Leading up to the milestone in which I share with my twin brother, I became quite depressed and needed to do some hard-core soul-searching. I reflected back to when I turned 30 and to be honest, not much has changed…well so I thought. I am still a single mother, I do not own property, I have one beautiful child (had hoped for more), we are still living on a low-income, I’m not married or even close, and I’m still in a similar position career wise…for now.

Yet after a few loving conversations with my dearest friends and family who helped me see the light with the things I have achieved, quite a lot is different from a decade ago:

  • I have finished a degree (HUGE milestone)
  • My son made it through primary school and is now at the end of his first year in high school and remains a beautiful, thoughtful, and genuine soul (I’m truly blessed)
  • I have achieved considering my low-income many things financially and my son has never really gone without
  • I am stronger, assertive, I hold my own and have become a woman with integrity
  • I have actually built on my career creating new opportunities and networks
  • I have travelled
  • I have further developed my skills in all aspects of life
  • Finally I have maintained and created beautiful and treasured relationships that I do and will hold close to my heart forever

It may not be perfect nor is it anywhere near where I envisioned life would be at this stage, yet now I can say I’m proud of my achievements.

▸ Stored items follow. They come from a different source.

lemma alpha_0_base:
  assumes "infinite S"
  shows "alpha S 0 k = 0"
proof -
  obtain a where a: "b_ordering S 0 a" and alpha: "alpha S 0 k = ordb_sum 0 k a (a k)"
    using alpha_eq_ordb_sum[OF infinite_imp_nonempty[OF assms]] by blast
  have "infinite (S - a ` {..<k})"
    using assms by (intro Diff_infinite_finite) auto
  then obtain x where x: "x \<in> S - a ` {..<k}"
    using infinite_imp_nonempty by blast
  then have "ordb_sum 0 k a x = 0"
    unfolding ordb_sum_def by (intro sum.neutral) (auto intro!: ordb_0_left)
  then show ?thesis
    using alpha b_ordering_ordb_sum_le[OF a, of x k] x by simp
qed

lemma gfact_UNIV_UNIV: "gfact UNIV UNIV k = (\<Prod>b\<in>{2..k}. epow b (alpha UNIV b k))"
proof -
  have epow_eq_1: "epow b (alpha UNIV b k) = 1" if b: "b \<notin> {2..k}" for b
  proof -
    consider "b = 0" | "b = 1" | "b \<ge> 2" "k < b"
      using b by atomize_elim auto
    then show ?thesis
      by cases (simp_all add: alpha_0_base epow_def zero_enat_def alpha_UNIV_eq_legendre_sum
          legendre_sum_eq_0 split: enat.split)
  qed
  have "(\<Prod>b\<in>{2..k}. epow b (alpha UNIV b k))
      = (\<Prod>b\<in>{b\<in>UNIV. epow b (alpha UNIV b k) \<noteq> 1}. epow b (alpha UNIV b k))"
  proof (rule prod.mono_neutral_right)
    show "{b \<in> UNIV. epow b (alpha UNIV b k) \<noteq> 1} \<subseteq> {2..k}"
      using epow_eq_1 by blast
  qed auto
  then show ?thesis
    unfolding gfact_def by simp
qed

theorem theorem7p2:
  shows "(\<forall>b k::nat. b \<ge> 2 \<longrightarrow>
            (\<exists>n::nat. alpha (UNIV::int set) b k = enat n \<and>
               (\<lambda>i. real_of_int \<lfloor>real k / real b ^ (Suc i)\<rfloor>) sums (real n)))
       \<and> (\<forall>k::nat. gfact (UNIV::int set) (UNIV::nat set) k
                   = (\<Prod>b\<in>{2..k}. epow b (alpha (UNIV::int set) b k)))"
proof (intro conjI allI impI)
  fix b k :: nat
  assume "b \<ge> 2"
  then show "\<exists>n. alpha UNIV b k = enat n \<and>
      (\<lambda>i. real_of_int \<lfloor>real k / real b ^ Suc i\<rfloor>) sums real n"
    using alpha_UNIV_eq_legendre_sum legendre_sum_sums by blast
qed (rule gfact_UNIV_UNIV)

end
lemma dirichlet_eq_zero:
  assumes nonneg: "\<And>i j. i < n \<Longrightarrow> j < n \<Longrightarrow> A $$ (i, j) \<ge> 0"
    and reps: "final_class_representatives n A D"
    and boundary: "\<And>d. d \<in> D \<Longrightarrow> x d = 0"
    and harmonic: "\<And>i. i < n \<Longrightarrow> i \<notin> D \<Longrightarrow> laplacian_at n A x i = 0"
    and "i < n"
  shows "x i = 0"
proof -
  have "x i \<le> 0" by (rule dirichlet_nonpos[OF assms])
  moreover have "- x i \<le> 0"
    by (rule dirichlet_nonpos[OF nonneg reps, of "\<lambda>j. - x j"])
       (use assms laplacian_at_uminus in auto)
  ultimately show ?thesis by simp
qed

lemma max_of_final_class_at_representative:
  assumes nonneg: "\<And>i j. i < n \<Longrightarrow> j < n \<Longrightarrow> A $$ (i, j) \<ge> 0"
    and reps: "final_class_representatives n A D"
    and C: "final_class n A C" and "d \<in> D" "d \<in> C"
    and harmonic: "\<And>i. i < n \<Longrightarrow> i \<notin> D \<Longrightarrow> laplacian_at n A x i = 0"
    and "j \<in> C"
  shows "x j \<le> x d"
proof -
  have "finite C" using final_class_subset[OF C] finite_nat_iff_bounded by blast
  define M where "M = Max (x ` C)"
  have bound: "\<And>j. j \<in> C \<Longrightarrow> x j \<le> M" unfolding M_def using \<open>finite C\<close> by simp
  have "M \<in> x ` C" unfolding M_def using \<open>finite C\<close> \<open>d \<in> C\<close> by (intro Max_in) auto
  then obtain i0 where "i0 \<in> C" "x i0 = M" by auto
  have "(arc n A)\<^sup>*\<^sup>* i0 d"
    using C \<open>i0 \<in> C\<close> \<open>d \<in> C\<close> unfolding final_class_def bicomponent_def reach_def
    by (auto intro: rtranclp_trans)
  have closed: "\<And>j m. j \<in> C \<Longrightarrow> arc n A j m \<Longrightarrow> m \<in> C"
    using C unfolding final_class_def by blast
  have "\<exists>e\<in>C \<inter> D. x e = M"
    using nonneg closed bound harmonic \<open>i0 \<in> C\<close> \<open>x i0 = M\<close> \<open>(arc n A)\<^sup>*\<^sup>* i0 d\<close> \<open>d \<in> D\<close>
    by (rule max_attained_at_representative)
  then obtain e where "e \<in> D \<inter> C" "x e = M" by blast
  moreover have "e = d"
    using final_class_representative_unique[OF reps C] \<open>e \<in> D \<inter> C\<close> \<open>d \<in> D\<close> \<open>d \<in> C\<close>
    by blast
  ultimately have "x d = M" by simp
  then show ?thesis using bound \<open>j \<in> C\<close> by simp
qed
lemma dart_sigma_mem_face_iff:
  assumes wf: "vd_local_wf w" and C: "C \<in> faces w" and d: "d \<in> darts w"
  shows "dart_sigma w d \<in> C \<longleftrightarrow> dart_alpha d \<in> C"
  using face_perm_mem_face_iff[OF wf C dart_alpha_in_darts[OF d]]
  by (simp add: face_perm_def dart_alpha_def)

lemma tail_pred_mem_face_iff:
  assumes wf: "vd_local_wf w" and C: "C \<in> faces w" and p: "p < length w"
  shows "(pred_mod (length w) p, True) \<in> C
    \<longleftrightarrow> (if lr w p then (partner w p, True) else dart_in w (partner w p)) \<in> C"
proof -
  have "dart_in w p \<in> darts w"
    using pred_mod_less[OF le_less_trans[OF le0 p]] by (simp add: darts_def dart_in_eq)
  from dart_sigma_mem_face_iff[OF wf C this] show ?thesis
    unfolding dart_sigma_in[OF p] dart_out_def
    by (cases "lr w p") (simp_all add: dart_alpha_def dart_in_eq)
qed

lemma head_mem_face_iff:
  assumes wf: "vd_local_wf w" and C: "C \<in> faces w" and p: "p < length w"
  shows "(p, False) \<in> C \<longleftrightarrow> (if lr w p then dart_in w (partner w p) else (partner w p, True)) \<in> C"
proof -
  have "(p, True) \<in> darts w"
    using p by (simp add: darts_def)
  from dart_sigma_mem_face_iff[OF wf C this] show ?thesis
    unfolding dart_sigma_out[OF p] dart_out_def
    by (cases "lr w p") (simp_all add: dart_alpha_def)
qed

section \<open>Face boundaries span the cycle space\<close>

definition fscale :: "real \<Rightarrow> (nat \<Rightarrow> real) \<Rightarrow> nat \<Rightarrow> real" where
  "fscale a f = (\<lambda>x. a * f x)"

interpretation edge_fun: vector_space fscale
  by unfold_locales (auto simp: fscale_def fun_eq_iff algebra_simps)

lemma sum_fun_apply: "(sum g A) e = (\<Sum>a\<in>A. g a e)"
  for g :: "'a \<Rightarrow> 'b \<Rightarrow> 'c::comm_monoid_add"
  by (induction A rule: infinite_finite_induct) auto

text \<open>Edge chains are real functions on the edges 0, ..., N - 1 (edge e runs from passage e
  to passage e + 1 mod N).  A cycle satisfies Kirchhoff's law at the vertex formed by a
  passage p and its partner q: the edges ending at p and q carry as much as those starting
  there.\<close>

definition is_cycle :: "vpassage list \<Rightarrow> (nat \<Rightarrow> real) \<Rightarrow> bool" where
  "is_cycle w x \<longleftrightarrow> (\<forall>e. length w \<le> e \<longrightarrow> x e = 0) \<and>
     (\<forall>p < length w. x (pred_mod (length w) p) + x (pred_mod (length w) (partner w p))
                     = x p + x (partner w p))"

definition face_boundary :: "vpassage list \<Rightarrow> (nat \<times> bool) set \<Rightarrow> nat \<Rightarrow> real" where
  "face_boundary w C e =
     (if e < length w then of_bool ((e, True) \<in> C) - of_bool ((e, False) \<in> C) else 0)"

definition knot_cycle :: "vpassage list \<Rightarrow> nat \<Rightarrow> real" where
  "knot_cycle w e = of_bool (e < length w)"

definition loop_cycle :: "vpassage list \<Rightarrow> nat \<Rightarrow> nat \<Rightarrow> real" where
  "loop_cycle w p e = of_bool (p \<le> e \<and> e < partner w p)"

definition first_passages :: "vpassage list \<Rightarrow> nat set" where
  "first_passages w = {p. p < length w \<and> p < partner w p}"

lemma finite_first_passages: "finite (first_passages w)"
  unfolding first_passages_def by simp

lemma length_eq_2_card_first_passages:
  assumes wf: "vd_local_wf w"
  shows "length w = 2 * card (first_passages w)"
proof -
  let ?P = "first_passages w"
  have "{..<length w} = ?P \<union> partner w ` ?P"
  proof (intro equalityI subsetI)
    fix u
    assume u: "u \<in> {..<length w}"
    show "u \<in> ?P \<union> partner w ` ?P"
    proof (cases "u < partner w u")
      case True
      with u show ?thesis unfolding first_passages_def by auto
    next
      case False
      with u have "partner w u \<in> ?P"
        using partner_neq[OF wf] partner_less_length[OF wf] partner_partner[OF wf]
        unfolding first_passages_def by (auto simp: nat_neq_iff)
      then show ?thesis
        using partner_partner[OF wf] u by (metis UnI2 image_eqI lessThan_iff)
    qed
  qed (use partner_less_length[OF wf] in \<open>auto simp: first_passages_def\<close>)
  moreover have "?P \<inter> partner w ` ?P = {}"
    using partner_less_length[OF wf] partner_partner[OF wf]
    unfolding first_passages_def by fastforce
  moreover have "inj_on (partner w) ?P"
    by (rule inj_on_inverseI[where g="partner w"]) (auto simp: first_passages_def partner_partner[OF wf])
  ultimately show ?thesis
    using finite_first_passages
    by (metis card_Un_disjoint card_image card_lessThan finite_imageI mult_2)
qed

lemma is_cycle_face_boundary:
  assumes wf: "vd_local_wf w" and C: "C \<in> faces w"
  shows "is_cycle w (face_boundary w C)"
  unfolding is_cycle_def
proof (intro conjI allI impI)
  fix p
  assume p: "p < length w"
  let ?N = "length w"
  let ?q = "partner w p"
  have q: "?q < ?N" "partner w ?q = p" "lr w ?q = (\<not> lr w p)"
    using partner_less_length[OF wf p] partner_partner[OF wf p] lr_partner[OF wf p] by auto
  have N: "0 < ?N"
    using p by linarith
  show "face_boundary w C (pred_mod ?N p) + face_boundary w C (pred_mod ?N ?q)
           = face_boundary w C p + face_boundary w C ?q"
    using tail_pred_mem_face_iff[OF wf C p] tail_pred_mem_face_iff[OF wf C q(1)]
      head_mem_face_iff[OF wf C p] head_mem_face_iff[OF wf C q(1)] p q pred_mod_less[OF N]
    by (cases "lr w p") (simp_all add: face_boundary_def dart_in_eq)
qed (simp add: face_boundary_def)

lemma is_cycle_loop_increment:
  assumes wf: "vd_local_wf w" and cy: "is_cycle w x" and e: "Suc e < length w"
  shows "(\<Sum>p\<in>first_passages w. (x p - x (pred_mod (length w) p)) * loop_cycle w p (Suc e))
       = (\<Sum>p\<in>first_passages w. (x p - x (pred_mod (length w) p)) * loop_cycle w p e)
         + (x (Suc e) - x e)"
proof -
  let ?N = "length w"
  let ?d = "\<lambda>p. x p - x (pred_mod ?N p)"
  let ?q = "partner w (Suc e)"
  have q: "?q < ?N" "?q \<noteq> Suc e" "partner w ?q = Suc e"
    using partner_less_length[OF wf e] partner_neq[OF wf e] partner_partner[OF wf e] by auto
  have jump: "?d p * loop_cycle w p (Suc e) - ?d p * loop_cycle w p e
      = (if p = Suc e then ?d p else 0) - (if p = ?q then ?d p else 0)"
    if p: "p \<in> first_passages w" for p
  proof -
    have "p < ?N"
      using p unfolding first_passages_def by auto
    then have "partner w p = Suc e \<longleftrightarrow> p = ?q"
      using partner_partner[OF wf] e by metis
    then show ?thesis
      using p unfolding loop_cycle_def first_passages_def by auto
  qed
  have "(\<Sum>p\<in>first_passages w. ?d p * loop_cycle w p (Suc e))
      - (\<Sum>p\<in>first_passages w. ?d p * loop_cycle w p e)
      = (\<Sum>p\<in>first_passages w. (if p = Suc e then ?d p else 0) - (if p = ?q then ?d p else 0))"
    unfolding sum_subtractf[symmetric] by (rule sum.cong) (simp_all add: jump)
  also have "\<dots> = ?d (Suc e)"
  proof (cases "Suc e \<in> first_passages w")
    case True
    then have "?q \<notin> first_passages w"
      using q unfolding first_passages_def by auto
    with True show ?thesis
      using finite_first_passages by (simp add: sum_subtractf)
  next
    case False
    then have "?q \<in> first_passages w"
      using q e unfolding first_passages_def by auto
    moreover have "x (pred_mod ?N (Suc e)) + x (pred_mod ?N ?q) = x (Suc e) + x ?q"
      using cy e unfolding is_cycle_def by blast
    ultimately show ?thesis
      using False finite_first_passages by (simp add: sum_subtractf)
  qed
  also have "\<dots> = x (Suc e) - x e"
    using e pred_mod_eq_diff[of "Suc e" ?N] by simp
  finally show ?thesis
    by simp
qed

text \<open>Telescoping along the knot: a cycle is determined by its value on the last edge
  and by its jumps at the first passages of the crossings.\<close>

lemma is_cycle_expansion:
  assumes wf: "vd_local_wf w" and cy: "is_cycle w x" and e: "e < length w"
  shows "x e = x (length w - 1)
    + (\<Sum>p\<in>first_passages w. (x p - x (pred_mod (length w) p)) * loop_cycle w p e)"
  using e
proof (induction e)
  case 0
  let ?N = "length w"
  have N: "0 < ?N" using 0 by simp
  have "0 \<in> first_passages w"
    using partner_neq[OF wf N] N unfolding first_passages_def by auto
  moreover have "(x p - x (pred_mod ?N p)) * loop_cycle w p 0
      = (if p = 0 then x 0 - x (pred_mod ?N 0) else 0)" if "p \<in> first_passages w" for p
    using that by (auto simp: loop_cycle_def first_passages_def)
  ultimately show ?case
    using finite_first_passages pred_mod_0[OF N] by simp
next
  case (Suc e)
  then show ?case
    using is_cycle_loop_increment[OF wf cy Suc.prems] by simp
qed

lemma is_cycle_in_span_loops:
  assumes wf: "vd_local_wf w" and cy: "is_cycle w x"
  shows "x \<in> edge_fun.span (insert (knot_cycle w) (loop_cycle w ` first_passages w))"
proof -
  let ?N = "length w"
  let ?d = "\<lambda>p. x p - x (pred_mod ?N p)"
  have "x = fscale (x (?N - 1)) (knot_cycle w) + (\<Sum>p\<in>first_passages w. fscale (?d p) (loop_cycle w p))"
  proof
    fix e
    show "x e = (fscale (x (?N - 1)) (knot_cycle w)
                 + (\<Sum>p\<in>first_passages w. fscale (?d p) (loop_cycle w p))) e"
    proof (cases "e < ?N")
      case True
      then show ?thesis
        using is_cycle_expansion[OF wf cy True] by (simp add: sum_fun_apply fscale_def knot_cycle_def)
    next
      case False
      have "loop_cycle w p e = 0" if "p \<in> first_passages w" for p
        using that False partner_less_length[OF wf, of p]
        unfolding loop_cycle_def first_passages_def by auto
      with False cy show ?thesis
        unfolding is_cycle_def by (simp add: sum_fun_apply fscale_def knot_cycle_def)
    qed
  qed
  also have "\<dots> \<in> edge_fun.span (insert (knot_cycle w) (loop_cycle w ` first_passages w))"
    by (intro edge_fun.span_add edge_fun.span_scale edge_fun.span_sum edge_fun.span_base) auto
  finally show ?thesis .
qed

In fact, I am continually inspired from the amazing women in my life who are of my age or older.  One woman in particular is my beautiful Mum who changed her career at 40 and has never looked back.  As time goes on,  I realise how many similarities I have with my Mum and how much of an impact she has had on my life.

There are many women within my professional network who are moving and shaking the world like there is no tomorrow. I am in awe of their awesomeness and the footprints they are leaving.

Now when I think of the ‘40’s’ club, and look deeper into the personas based on whom I know and what I have seen, there is an element of contentment and acceptance. Why is this?

Is it because we reach a place in our lives that we start to not worry so much on others opinions and judgements? Is it because we have had 40+ years of experience and know a thing of two? Is it because we’ve worked bloody hard to get to this point and should feel darn proud? Or it just how it is and I should not try to over analyse it.

images-2Sooooo after all my evaluating, debriefing and soul-searching, I decided to take on this new phase of my life holding my head high and making sure I leave my 30’s with a big bang.  My twin and I hosted an awesome party with a rock theme and created a night we’ll never forget.

Throughout our teenage years, my brother and I were in a band, he on the bass and I was the lead singer.  For months leading up to our party along with friends making up the band, we jammed and rehearsed in a studio preparing for the night to play a 40 minute set. We were the entertainment and I was nervous as hell.

Feeling sick in the stomach with nerves, I embraced this moment with my brother, family and friends and we rocked the house.  Ok, perhaps I was shaky for the first couple of songs but then along with this new focus towards my future I went with it. I had a ball, I felt good, I was happy, I was smothered with love, and I was content!